Developed by the late Robert C. Baker, Professor of Poultry Science and Food Science. 

Recipe for Barbeque Sauce (enough for 10 halves): 

1 cup cooking oil 
1 pint cider vinegar 
3 tablespoons salt 
1 tablespoon poultry seasoning 
1/2 teaspoon pepper 
1 egg 

Beat the egg, then add the oil and beat again. Add other ingredients and stir. The recipe can be varied to suit individual tastes. Reducing the salt is just fine - plus the more you baste the saltier it is.  I love it salty so I don't change a thing and baste a LOT.

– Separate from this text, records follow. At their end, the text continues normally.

(* For every $\varepsilon>0$ and all $N\geqslant1$, $$\sum_{\substack{m,n\geqslant1\\ mn\leqslant N}}(m,n^\infty)^{\frac12}\big((mn)^\sharp\big)^{\frac14}\ll_\varepsilon N^{1+\varepsilon}.$$
   Context: $(m,n^\infty)$ is the largest divisor of $m$ all of whose prime factors divide $n$. For a positive integer $a$, $a^\sharp=\prod_{p^\nu\| a,\ \nu\geqslant2}p^\nu$ is its squarefull part. *)

theory Defs
  imports "HOL-Analysis.Analysis" "HOL-Computational_Algebra.Primes"
begin

text \<open>(m, n^\<infinity>): the largest divisor of m all of whose prime factors divide n.\<close>
definition dvd_part_inf :: "nat \<Rightarrow> nat \<Rightarrow> nat" where
  "dvd_part_inf m n = (\<Prod>p\<in>{p\<in>prime_factors m. p dvd n}. p ^ multiplicity p m)"

definition squarefull_part :: "nat \<Rightarrow> nat" where
  "squarefull_part a = (\<Prod>p\<in>{p\<in>prime_factors a. multiplicity p a \<ge> 2}. p ^ multiplicity p a)"

end

theory Submission
  imports Defs
begin

text \<open>Rankin's trick: with \<open>\<sigma> = 1 + \<epsilon>\<close>, every term with \<open>mn \<le> N\<close> is at most \<open>N\<^sup>\<sigma>\<close> times
  the same term divided by \<open>(mn)\<^sup>\<sigma>\<close>, and this normalised weight is a product over primes of
  local factors depending only on the exponents \<open>i, j\<close> of \<open>p\<close> in \<open>m, n\<close>. The local exponent of the
  summand is at most \<open>i + j - 1\<close> and at most \<open>3(i + j)/4 - 1/2\<close>, so the sum of the local factors
  over all \<open>(i, j)\<close> is \<open>1 + O(p\<^sup>-\<^sup>\<sigma>)\<close>, and the partial Euler products stay below
  \<open>exp (O(\<zeta>(\<sigma>)))\<close>.\<close>

lemma prod_prime_powers_filter:
  fixes x :: nat
  assumes "finite P" "\<forall>p\<in>P. prime p" "prime_factors x \<subseteq> P"
  shows "(\<Prod>p\<in>{p\<in>prime_factors x. Q p}. p ^ multiplicity p x)
       = (\<Prod>p\<in>P. p ^ (if Q p then multiplicity p x else 0))"
proof (rule prod.mono_neutral_cong_left)
  show "\<forall>p\<in>P - {p\<in>prime_factors x. Q p}. p ^ (if Q p then multiplicity p x else 0) = 1"
    using assms by (auto simp: prime_factors_multiplicity)
qed (use assms in auto)

lemma prod_prime_powers_superset:
  fixes x :: nat
  assumes "finite P" "\<forall>p\<in>P. prime p" "prime_factors x \<subseteq> P" "x \<noteq> 0"
  shows "(\<Prod>p\<in>P. p ^ multiplicity p x) = x"
  using prod_prime_powers_filter[OF assms(1-3), of "\<lambda>_. True"] prod_prime_factors[OF assms(4)]
  by simp

lemma dvd_part_inf_eq_prod:
  assumes "finite P" "\<forall>p\<in>P. prime p" "prime_factors m \<subseteq> P"
  shows "dvd_part_inf m n = (\<Prod>p\<in>P. p ^ (if p dvd n then multiplicity p m else 0))"
  unfolding dvd_part_inf_def by (rule prod_prime_powers_filter[OF assms])

lemma squarefull_part_eq_prod:
  assumes "finite P" "\<forall>p\<in>P. prime p" "prime_factors a \<subseteq> P"
  shows "squarefull_part a = (\<Prod>p\<in>P. p ^ (if 2 \<le> multiplicity p a then multiplicity p a else 0))"
  unfolding squarefull_part_def by (rule prod_prime_powers_filter[OF assms])

lemma multiplicity_less_self:
  fixes n :: nat
  assumes "prime p" "n > 0"
  shows "multiplicity p n < n"
proof -
  have "multiplicity p n < 2 ^ multiplicity p n" by (rule less_exp)
  also have "\<dots> \<le> p ^ multiplicity p n" using prime_ge_2_nat[OF assms(1)] by (rule power_mono) simp
  also have "\<dots> \<le> n" using assms(2) by (intro dvd_imp_le multiplicity_dvd)
  finally show ?thesis .
qed

lemma powr_prod_powers:
  fixes P :: "nat set"
  assumes "\<forall>p\<in>P. p > 0"
  shows "real (\<Prod>p\<in>P. p ^ g p) powr c = (\<Prod>p\<in>P. real p powr (c * real (g p)))"
  using assms by (simp add: prod_powr_distrib powr_realpow[symmetric] powr_powr mult.commute)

Dr. Robert C. Baker, creator of chicken nuggets and Cornell Chicken Barbecue Sauce, passed away at age 84 on March 13, 2006


----------



## Tabitha (Sep 9, 2011)

Midnight Rowan said:
			
		

> I LOVE grilled zucchini and portobellos (grilled separately). Simply slice the zucchini or mushroom caps lengthwise, about 1/4" thick, brush with olive oil and season as you'd like. I've done plain salt & pepper, seasoning salt, Emerill's Essence, garlic salt, fresh garlic slivers, fresh cilantro and lime juice, and combos of the seasonings as well... always delicious!



I agree about the muchrooms. I soak mine in pick-a-peppa sauce first. It's a classic Jamaican Sauce.


----------